Les dernières cartouches viennent d'être distribuées.
Chacun des 35 soldats en met une de côté pour "l'ultime assaut", car tous le savent , mieux vaut la mort que de tomber aux mains de ceux qui les encerclent ; Avant de tuer les blessés ou les prisonniers, l'ennemi les mutile de façon odieuse et chacun des hommes qui occupe encore le petit fortin isolé ce soir là a déjà vu de ses yeux l'atroce spectacle de camarades torturés ainsi , avant d'être égorgés .
Nous sommes en 1915, pendant la première guerre mondiale, aux frontières de l'Égypte qu'occupent alors les armées Turques, et le capitaine Marchall qui commande cette poignée de français sait bien que la situation est désespérée. Ce n'est plus qu'une question d’heures. Dès que le jour sera levé, ce sera l'ultime attaque ennemie...le dernier combat. Il est impossible d'espérer du secours. Tous les messagers qui ont essayé de passer ont été tués, et leurs corps mutilés sont là , à quelques centaines de mètres , exposés fasse à leurs camarades adossés à la dune.
Le capitaine Marchall a , lui aussi , mis une balle de côté . En la faisant sauter dans sa main il songe à l'étrange destinée qui va le faire mourir ici, dans ce désert aride du Sinaï, là où son arrière-grand-père mourut également voici plus d'un siècle. Peut-être pas dans cette vieille forteresse qu'il occupe aujourd'hui, mais quelque part par là. Il était capitaine comme lui et servait alors sous les ordres de Bonaparte, lors de la fameuse campagne d’Égypte. Sa famille possède encore le sabre d'honneur du capitaine Marchall mort à l'ennemi en 1798 qu'il a si souvent admiré.
Étrange destinée en effet que celle de cet homme qui, 117 ans plus tard, se retrouve comme son ancêtre dans les mêmes lieux... face aux mêmes ennemis. Mais il reste environ un verre d'eau par homme et , avec une vingtaine de cartouches par combattant , tout espoir n'est pas perdu .

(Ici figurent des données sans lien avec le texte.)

lemma unscale_solution:
  assumes d: "d mod 4 = 2" and i0: "i0 \<in> S" and cY: "coherent Y" and uY: "\<And>n. 1 \<le> n \<Longrightarrow> zunit (Y n)"
    and sol: "\<And>n. pi_dvd (2*n) (\<Sum>m\<in>S. zmul d (zmul d (A m n) (zpow d (0, 1) (4 * T m)))
      (zpow d ((y(i0 := Y n)) m) 4))"
  obtains W where "\<And>m. coherent (W m)" "\<And>m. m \<notin> S \<Longrightarrow> W m = (\<lambda>n. 0)"
    "\<exists>n. \<not> pi_dvd (2*n) (W i0 n)" "\<And>n. pi_dvd (2*n) (\<Sum>m\<in>S. zmul d (A m n) (zpow d (W m n) 4))"
proof -
  have de: "even d" using d by presburger
  define W where "W m n = (if m \<in> S then zmul d (zpow d (0, 1) (T m)) ((y(i0 := Y n)) m) else 0)" for m n
  show ?thesis
  proof (rule that)
    show "coherent (W m)" for m
    proof (cases "m = i0")
      case True
      then have "W m = (\<lambda>n. zmul d (zpow d (0, 1) (T i0)) (Y n))" using i0 by (simp add: W_def fun_eq_iff)
      then show ?thesis using coherent_zmul[OF de coherent_const cY] by simp
    next
      case False
      then have "W m = (\<lambda>n. if m \<in> S then zmul d (zpow d (0, 1) (T m)) (y m) else 0)"
        by (simp add: W_def fun_eq_iff)
      then show ?thesis by (simp add: coherent_const)
    qed
    show "W m = (\<lambda>n. 0)" if "m \<notin> S" for m using that by (simp add: W_def fun_eq_iff)
    have "pi_exact (T i0 + 0) (W i0 (Suc (T i0)))"
      using pi_exact_mul[OF d pi_exact_pi_pow[OF d] zunit_iff_pi_exact[THEN iffD1, OF uY]] i0
      unfolding W_def by simp
    then have "\<not> pi_dvd (2 * Suc (T i0)) (W i0 (Suc (T i0)))" using pi_exact_not_dvd by simp
    then show "\<exists>n. \<not> pi_dvd (2*n) (W i0 n)" by blast
    fix n
    have "(\<Sum>m\<in>S. zmul d (A m n) (zpow d (W m n) 4))
        = (\<Sum>m\<in>S. zmul d (zmul d (A m n) (zpow d (0, 1) (4 * T m))) (zpow d ((y(i0 := Y n)) m) 4))"
      by (rule sum.cong) (simp_all add: W_def zpow4_pi_scale zmul_assoc del: fun_upd_apply)
    then show "pi_dvd (2*n) (\<Sum>m\<in>S. zmul d (A m n) (zpow d (W m n) 4))" using sol by simp
  qed
qed

theorem coherent_solution:
  assumes d: "d \<in> {2, 10, -2, -10}" and fI: "finite I" and cI: "card I = 7" and sI: "s \<notin> I"
    and cA: "\<And>m. m \<in> insert s I \<Longrightarrow> coherent (A m)"
    and ex: "\<And>m. m \<in> insert s I \<Longrightarrow> \<forall>\<^sub>F n in sequentially. pi_exact (c m) (A m n)"
    and lev: "\<And>m. m \<in> I \<Longrightarrow> int (c m) mod 4 = j mod 4" and levs: "int (c s) mod 4 = (j + 3) mod 4"
  obtains W where "\<And>m. coherent (W m)" "\<And>m. m \<notin> insert s I \<Longrightarrow> W m = (\<lambda>n. 0)"
    "\<exists>m\<in>I. \<exists>n. \<not> pi_dvd (2*n) (W m n)"
    "\<And>n. pi_dvd (2*n) (\<Sum>m\<in>insert s I. zmul d (A m n) (zpow d (W m n) 4))"
proof -
  have fI8: "finite (insert s I)" using fI by simp
  have d4: "d mod 4 = 2" using admissible_mod4[OF d] .
  have de: "even d" using d4 by presburger
  have "\<forall>m\<in>insert s I. \<forall>\<^sub>F n in sequentially. pi_exact (c m) (A m n)" using ex by blast
  then have "\<forall>\<^sub>F n in sequentially. \<forall>m\<in>insert s I. pi_exact (c m) (A m n)"
    by (rule eventually_ball_finite[OF fI8])
  then obtain n0 where "\<forall>n\<ge>n0. \<forall>m\<in>insert s I. pi_exact (c m) (A m n)"
    unfolding eventually_sequentially ..
  then have n0: "pi_exact (c m) (A m n)" if "m \<in> insert s I" "n0 \<le> n" for m n using that by blast
  define e where "e m = (if m = s then 3 else 0 :: nat)" for m
  have "int (c m) mod 4 = (j + int (e m)) mod 4" if "m \<in> insert s I" for m
  proof (cases "m = s")
    case True then show ?thesis using levs by (simp add: e_def)
  next
    case False then show ?thesis using that lev by (simp add: e_def)
  qed
  then obtain C T where CT: "\<And>m. m \<in> insert s I \<Longrightarrow> c m + 4 * T m = C + e m"
    using common_level_shift[OF fI8] by metis
  define B where "B m n = zmul d (A m n) (zpow d (0, 1) (4 * T m))" for m n
  have cB: "coherent (B m)" if "m \<in> insert s I" for m
    unfolding B_def using coherent_zmul[OF de cA[OF that] coherent_const] .
  have exB: "pi_exact (C + e m) (B m n)" if "m \<in> insert s I" "n0 \<le> n" for m n
    unfolding B_def using pi_exact_mul[OF d4 n0[OF that] pi_exact_pi_pow[OF d4], of "4 * T m"]
    CT[OF that(1)] by simp
  have exI: "pi_exact C (B m n)" if "m \<in> I" "n0 \<le> n" for m n
  proof -
    have "m \<noteq> s" using that(1) sI by blast
    then show ?thesis using exB[OF _ that(2), of m] that(1) unfolding e_def by simp
  qed
  have exs: "pi_exact (C + 3) (B s n)" if "n0 \<le> n" for n using exB[OF _ that, of s] unfolding e_def by simp
  define n1 where "n1 = n0 + C + 9"
  have n0n1: "n0 \<le> n1" unfolding n1_def by simp
  obtain i0 y where y: "i0 \<in> I" "zunit (y i0)"
    "\<And>n. n1 \<le> n \<Longrightarrow> pi_dvd (C + 9) (\<Sum>m\<in>insert s I. zmul d (B m n) (zpow d (y m) 4))"
    using scaled_solution_mod[of d I s B C n1, OF d fI cI sI cB exI[OF _ n0n1] exs[OF n0n1]] unfolding n1_def by auto
  have i0: "i0 \<in> insert s I" "i0 \<noteq> s" using y(1) sI by auto
  obtain Y where Y: "coherent Y" "\<And>n. 1 \<le> n \<Longrightarrow> zunit (Y n)"
    "\<And>n. pi_dvd (2*n) (\<Sum>m\<in>insert s I. zmul d (B m n) (zpow d ((y(i0 := Y n)) m) 4))"
    using hensel_diagonal[where B = B and y = y, OF d4 fI8 i0(1) cB exI[OF y(1)] y(2,3)] by blast
  obtain W where W: "\<And>m. coherent (W m)" "\<And>m. m \<notin> insert s I \<Longrightarrow> W m = (\<lambda>n. 0)"
    "\<exists>n. \<not> pi_dvd (2*n) (W i0 n)"
    "\<And>n. pi_dvd (2*n) (\<Sum>m\<in>insert s I. zmul d (A m n) (zpow d (W m n) 4))"
    using unscale_solution[OF d4 i0(1) Y(1,2) Y(3)[unfolded B_def]] by blast
  then show ?thesis using that y(1) by blast
qed

section \<open>Back to K\<close>

lemma coherent_to_K:
  assumes "coherent W"
  shows "K_bounded 0 (K_of_seq (\<lambda>n. ztrunc n (W n)))"
    "pi_dvd (2*n) (K_approx 0 (K_of_seq (\<lambda>n. ztrunc n (W n))) n - W n)"
    "K_of_seq (\<lambda>n. ztrunc n (W n)) = K_zero \<Longrightarrow> pi_dvd (2*n) (W n)"
proof -
  define X where "X n = ztrunc n (W n)" for n
  have cX: "coherent X" unfolding X_def using coherent_ztrunc[OF assms] .
  have rX: "ztrunc n (X n) = X n" for n unfolding X_def by (simp add: ztrunc_ztrunc)
  show "K_bounded 0 (K_of_seq (\<lambda>n. ztrunc n (W n)))" using K_of_seq_approx(1)[OF cX rX] unfolding X_def .
  show "pi_dvd (2*n) (K_approx 0 (K_of_seq (\<lambda>n. ztrunc n (W n))) n - W n)"
    using K_of_seq_approx(2)[OF cX rX] ztrunc_cong unfolding X_def by simp
  assume "K_of_seq (\<lambda>n. ztrunc n (W n)) = K_zero"
  then have "ztrunc n (W n) = 0" by (rule K_of_seq_eq_zeroD)
  then show "pi_dvd (2*n) (W n)" using ztrunc_cong[of n "W n"] by (simp add: pi_dvd_uminus)
qed

lemma K_diag_form_zero:
  assumes de: "even d" and dist: "distinct is"
    and ba: "\<And>i. i \<in> set is \<Longrightarrow> K_bounded D (a i)" and bx: "\<And>i. i \<in> set is \<Longrightarrow> K_bounded 0 (x i)"
    and N: "length is * (2 * D) \<le> N"
    and approx: "\<And>i n. i \<in> set is \<Longrightarrow> pi_dvd (2*n) (K_approx 0 (x i) n - X i n)"
    and sol: "\<And>n. pi_dvd (2*n) (\<Sum>i\<in>set is. zmul d (K_approx N (a i) n) (zpow d (X i n) 4))"
  shows "K_sum (\<lambda>i. K_mul d (a i) (K_pow d (x i) 4)) is = K_zero"
proof -
  define f where "f i = K_mul d (a i) (K_pow d (x i) 4)" for i
  note bp = K_pow_approx[OF bx de]
  have bf: "K_bounded (2 * D) (f i)" if "i \<in> set is" for i
    unfolding f_def using K_mul_approx(1)[OF ba[OF that] bp[OF that, THEN conjunct1]] .
  have fi: "pi_dvd (2*n) (K_approx N (f i) n - zmul d (K_approx N (a i) n) (zpow d (X i n) 4))"
    if i: "i \<in> set is" for i n
  proof -
    have "2 * D \<le> N" using N i by (cases "is") auto
    then have a1: "pi_dvd (2*n) (K_approx N (f i) n - zmul d (K_approx N (a i) n) (K_approx 0 (K_pow d (x i) 4) n))"
      unfolding f_def using K_mul_approx(2)[OF ba[OF i] bp[OF i, THEN conjunct1]] by blast
    have "pi_dvd (2*n) (K_approx 0 (K_pow d (x i) 4) n - zpow d (X i n) 4)"
      using pi_dvd_trans[OF bp[OF i, THEN conjunct2] pi_dvd_cong_zpow[OF de approx[OF i]]] .
    then show ?thesis using pi_dvd_trans[OF a1 pi_dvd_cong_mul[OF de, of "2*n" "K_approx N (a i) n"]] by simp
  qed
  have "pi_dvd (2*n) (K_approx N (K_sum f is) n)" for n
  proof -
    have a: "pi_dvd (2*n) (K_approx N (K_sum f is) n - (\<Sum>i\<in>set is. K_approx N (f i) n))"
      using K_sum_approx(2)[of "is" "2 * D" f N n, OF bf N] by (simp add: sum.distinct_set_conv_list[OF dist])
    have b: "pi_dvd (2*n) ((\<Sum>i\<in>set is. K_approx N (f i) n)
        - (\<Sum>i\<in>set is. zmul d (K_approx N (a i) n) (zpow d (X i n) 4)))"
      by (rule pi_dvd_cong_sum) (rule fi)
    show ?thesis using pi_dvd_add[OF pi_dvd_add[OF a b] sol[of n]] by simp
  qed
  from K_zero_if_approx_zero[OF K_bounded_mono[OF K_sum_approx(1)[of "is" "2 * D" f, OF bf] N] this]
  show ?thesis unfolding f_def .
qed

lemma K_bounded_common:
  assumes "finite A" "\<And>i. i \<in> A \<Longrightarrow> a i \<in> Kset"
  obtains D where "\<And>i. i \<in> A \<Longrightarrow> K_bounded D (a i)"
proof -
  define D where "D = (\<Sum>i\<in>A. fst (fst (a i)) + fst (snd (a i)))"
  have "K_bounded D (a i)" if i: "i \<in> A" for i
  proof -
    have "fst (fst (a i)) + fst (snd (a i)) \<le> D" unfolding D_def
      by (rule member_le_sum) (use i assms(1) in auto)
    then show ?thesis using assms(2)[OF i] by (cases "a i") (auto simp: K_bounded_def Kset_def)
  qed
  then show ?thesis using that by blast
qed

lemma type_7001_indices:
  assumes "of_type a {1..11} (\<lambda>i. [7, 0, 0, 1] ! i)"
  obtains I s j where "I \<subseteq> {1..11}" "card I = 7" "s \<in> {1..11}" "s \<notin> I"
    "\<And>m. m \<in> I \<Longrightarrow> level a m = j mod 4" "level a s = (j + 3) mod 4"
proof -
  obtain j where hj: "\<forall>i<4. card {m \<in> {1..11}. level a m = (int i + j) mod 4} \<ge> [7, 0, 0, 1] ! i"
    using assms unfolding of_type_def by blast
  have c0: "card {m \<in> {1..11::nat}. level a m = j mod 4} \<ge> 7" using hj[rule_format, of 0] by simp
  obtain I where I: "I \<subseteq> {m \<in> {1..11::nat}. level a m = j mod 4}" "card I = 7"
    using obtain_subset_with_card_n[OF c0] by blast
  have "card {m \<in> {1..11::nat}. level a m = (3 + j) mod 4} \<ge> 1" using hj[rule_format, of 3] by simp
  then have "{m \<in> {1..11::nat}. level a m = (3 + j) mod 4} \<noteq> {}" by (metis card.empty not_one_le_zero)
  then obtain s where "s \<in> {1..11}" "level a s = (3 + j) mod 4" by blast
  then have s: "s \<in> {1..11}" "level a s = (j + 3) mod 4" by (simp_all add: add.commute)
  have "s \<notin> I"
  proof
    assume "s \<in> I"
    then have "(j + 3) mod 4 = j mod 4" using I(1) s(2) by auto
    then show False by presburger
  qed
  then show ?thesis using that I s by blast
qed

lemma coherent_solution_of_type:
  assumes hd: "d \<in> {2, 10, -2, -10}" and bD: "\<And>i. i \<in> {1..11} \<Longrightarrow> K_bounded D (a i)"
    and nz: "\<And>i. i \<in> {1..11} \<Longrightarrow> a i \<noteq> K_zero" and htype: "of_type a {1..11} (\<lambda>i. [7, 0, 0, 1] ! i)"
  obtains W where "\<And>m. coherent (W m)" "\<exists>m\<in>{1..11}. \<exists>n. \<not> pi_dvd (2*n) (W m n)"
    "\<And>n. pi_dvd (2*n) (\<Sum>i\<in>set [1..<12]. zmul d (K_approx (22 * D) (a i) n) (zpow d (W i n) 4))"
proof -
  obtain I s j where I: "I \<subseteq> {1..11}" "card I = 7" "s \<in> {1..11}" "s \<notin> I"
    "\<And>m. m \<in> I \<Longrightarrow> level a m = j mod 4" "level a s = (j + 3) mod 4"
    using type_7001_indices[OF htype] by blast
  define N where "N = 22 * D"
  define c where "c m = nat (K_val (a m) + 2 * int N)" for m
  have DN: "D \<le> N" unfolding N_def by simp
  have cK: "int (c m) = K_val (a m) + 2 * int N" if "m \<in> {1..11}" for m
    unfolding c_def using K_val_approx(1)[OF bD[OF that] nz[OF that] DN] by simp
  \<comment> \<open>The shift 2N = 44 D does not change levels.\<close>
  have lev: "int (c m) mod 4 = level a m mod 4" if "m \<in> {1..11}" for m
    unfolding cK[OF that] level_def N_def by presburger
  have cA: "coherent (K_approx N (a m))" if "m \<in> insert s I" for m
    using K_approx_coherent[OF bD DN] that I by blast
  have ex: "\<forall>\<^sub>F n in sequentially. pi_exact (c m) (K_approx N (a m) n)" if "m \<in> insert s I" for m
    using K_val_approx(2)[OF bD nz DN] that I unfolding c_def by blast
  have levI: "int (c m) mod 4 = j mod 4" if "m \<in> I" for m using lev I(1,5) that by auto
  have levs: "int (c s) mod 4 = (j + 3) mod 4" using lev I(3,6) by simp
  obtain W where W: "\<And>m. coherent (W m)" "\<And>m. m \<notin> insert s I \<Longrightarrow> W m = (\<lambda>n. 0)"
    "\<exists>m\<in>I. \<exists>n. \<not> pi_dvd (2*n) (W m n)"
    "\<And>n. pi_dvd (2*n) (\<Sum>m\<in>insert s I. zmul d (K_approx N (a m) n) (zpow d (W m n) 4))"
    using coherent_solution[of d I s "\<lambda>m. K_approx N (a m)" c j, OF hd finite_subset[OF I(1) finite_atLeastAtMost]
      I(2,4) cA ex levI levs] by blast
  show ?thesis
  proof (rule that)
    show "coherent (W m)" for m by (rule W(1))
    show "\<exists>m\<in>{1..11}. \<exists>n. \<not> pi_dvd (2*n) (W m n)" using W(3) I(1) by blast
    fix n
    have "(\<Sum>i\<in>set [1..<12]. zmul d (K_approx N (a i) n) (zpow d (W i n) 4))
        = (\<Sum>m\<in>insert s I. zmul d (K_approx N (a m) n) (zpow d (W m n) 4))"
      by (rule sum.mono_neutral_right) (use I W(2) in \<open>auto simp: zpow4\<close>)
    then show "pi_dvd (2*n) (\<Sum>i\<in>set [1..<12]. zmul d (K_approx (22 * D) (a i) n) (zpow d (W i n) 4))"
      using W(4)[of n] unfolding N_def by simp
  qed
qed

Avec le jour, l'assaut sera donné, et par centaines les armées turques, alliées de l’Allemagne, vont se ruer vers le fortin.
Il faut les surprendre !
Le capitaine cherche une idée pour dissimuler ses hommes et , tandis qu'il réfléchit au problème , son lieutenant survient, escortant un vieil Arabe enroulé dans son burnous.
- « Cet homme prétend avoir une lettre pour vous, mon capitaine ». Marchall lance un regard soupçonneux à l’inconnu. Une lettre ? Qui pourrait bien lui adresser une lettre ? Ce vieillard n'a rien d'un émissaire ennemi ; Généralement on les choisit plus jeunes et plus représentatifs.
- « Tu as une lettre pour moi ? »
Le vieil homme s'approche de l'officier et le regarde droit dans les yeux.
- « Tu es bien le capitaine Marchall ? »
Malgré l'acquiescement du militaire, l'homme au burnous repose sa question avec insistance :
- « c'est bien toi, le capitaine Marchall ? »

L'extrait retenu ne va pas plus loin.